Rosaldo provides an example from his own research of an Ilongot man who had recently lost a child after having lost three others in a brief span just a few years earlier. Before the prohibition of headhunting practices, Ilongot men would vent rage through taking the head of another man. Once this had been banned by the Filipino government, it left a cultural void that many sought to fill by converting to Christianity. Rosaldo, not properly understanding the man’s bereavement, assumed that the Ilongot man had converted believing ‘that the new religion could somehow prevent further deaths in his family’ (p. 120). However, Rosaldo later realized that the man was looking for an alternative method for coping with his grief. In this second essay, Rosaldo wonders how he ‘could have failed to appreciate the weight and power of the man’s desire for “venting his wrath and thereby lessening his grief”’ (p. 120).

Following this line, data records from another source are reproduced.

text \<open>Full binary trees; every inner node carries a variable.  Nodes of a tree are
  identified by their positions (paths from the root; False = left, True = right).\<close>

datatype 'x btree = Leaf | Node 'x "'x btree" "'x btree"

type_synonym pos = "bool list"

fun positions :: "'x btree \<Rightarrow> pos set" where
  "positions Leaf = {[]}"
| "positions (Node x l r) = insert [] (Cons False ` positions l \<union> Cons True ` positions r)"

fun subtree :: "'x btree \<Rightarrow> pos \<Rightarrow> 'x btree" where
  "subtree t [] = t"
| "subtree (Node x l r) (False # p) = subtree l p"
| "subtree (Node x l r) (True # p) = subtree r p"
| "subtree Leaf (b # p) = Leaf"

fun tvars :: "'x btree \<Rightarrow> 'x set" where
  "tvars Leaf = {}"
| "tvars (Node x l r) = insert x (tvars l \<union> tvars r)"

fun nnodes :: "'x btree \<Rightarrow> nat" where
  "nnodes Leaf = 1"
| "nnodes (Node x l r) = 1 + nnodes l + nnodes r"

definition inner :: "'x btree \<Rightarrow> pos set" where
  "inner t = {u \<in> positions t. subtree t u \<noteq> Leaf}"

definition Tset :: "'x btree \<Rightarrow> pos \<Rightarrow> pos set" where
  "Tset t u = {w \<in> positions t. prefix u w}"

definition anc :: "pos \<Rightarrow> pos set" where
  "anc u = {a. strict_prefix a u}"

definition vars :: "'x btree \<Rightarrow> pos \<Rightarrow> 'x set" where
  "vars t u = tvars (subtree t u)"

definition Ind :: "'x btree \<Rightarrow> ('q \<Rightarrow> 'x set) \<Rightarrow> 'q \<Rightarrow> pos \<Rightarrow> pos set \<Rightarrow> bool" where
  "Ind t Z q w R \<longleftrightarrow> w \<in> R \<and> vars t w \<subseteq> Z q \<and> \<not> (\<exists>x \<in> anc w \<inter> R. vars t x \<subseteq> Z q)"

definition EI :: "'q set \<Rightarrow> ('q \<Rightarrow> real) \<Rightarrow> 'x btree \<Rightarrow> ('q \<Rightarrow> 'x set) \<Rightarrow> pos \<Rightarrow> pos set \<Rightarrow> real" where
  "EI Q pr t Z w R = (\<Sum>q\<in>Q. pr q * (if Ind t Z q w R then 1 else 0))"

definition Ctot :: "'x btree \<Rightarrow> (pos \<Rightarrow> real) \<Rightarrow> pos \<Rightarrow> real" where
  "Ctot t c w = (\<Sum>x\<in>Tset t w. c x)"

definition Ben :: "'q set \<Rightarrow> ('q \<Rightarrow> real) \<Rightarrow> 'x btree \<Rightarrow> ('q \<Rightarrow> 'x set) \<Rightarrow> (pos \<Rightarrow> real) \<Rightarrow> pos set \<Rightarrow> real" where
  "Ben Q pr t Z c R = (\<Sum>w\<in>R. EI Q pr t Z w R * Ctot t c w)"

text \<open>B_u({u,v}) where v = None stands for \<epsilon>\<close>
definition Bu :: "'q set \<Rightarrow> ('q \<Rightarrow> real) \<Rightarrow> 'x btree \<Rightarrow> ('q \<Rightarrow> 'x set) \<Rightarrow> (pos \<Rightarrow> real) \<Rightarrow> pos \<Rightarrow> pos option \<Rightarrow> real" where
  "Bu Q pr t Z c u v = (case v of None \<Rightarrow> EI Q pr t Z u {u} | Some a \<Rightarrow> EI Q pr t Z u {u, a}) * Ctot t c u"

Rosaldo credits the rage he felt over his wife’s death for allowing him to recognize this flaw in ethnographic research. He describes the intensity of the experience by saying, ‘Immediately on finding her body I became enraged. How could she abandon me? How could she have been so stupid as to fall? I tried to cry. I sobbed, but rage blocked the tears’ (p. 124). Reflecting upon this rage, and wishing in his journal for the ‘Ilongot solution,’ Rosaldo recognized the anthropological deficiency his essay highlights.
Kurt Vonnegut, who held a master’s degree in anthropology, described the discipline as ‘a science that was mostly poetry’ (Vonnegut 1981:90). Rosaldo embraces that description with his concept of ‘anthropoetry’. Not only does he illustrate how ethnographically-informed poems can effectively communicate the qualitative facets of a culture, he uses it to illustrate a deficiency in anthropological fieldwork. Anyone interested in the social sciences could stand to benefit from reading this brief, yet insightful, book as Renato’s poetry shows an innovative way of expressing what is often missing from traditional ethnographies. Finally, the avid reader of poetry find great value in how Rosaldo maximises the emotional impact of the situation with his laconic verse.
Works Cited:
Vonnegut, Kurt. 1981. Palm Sunday: An Autobiographical Collage. New York: Random House.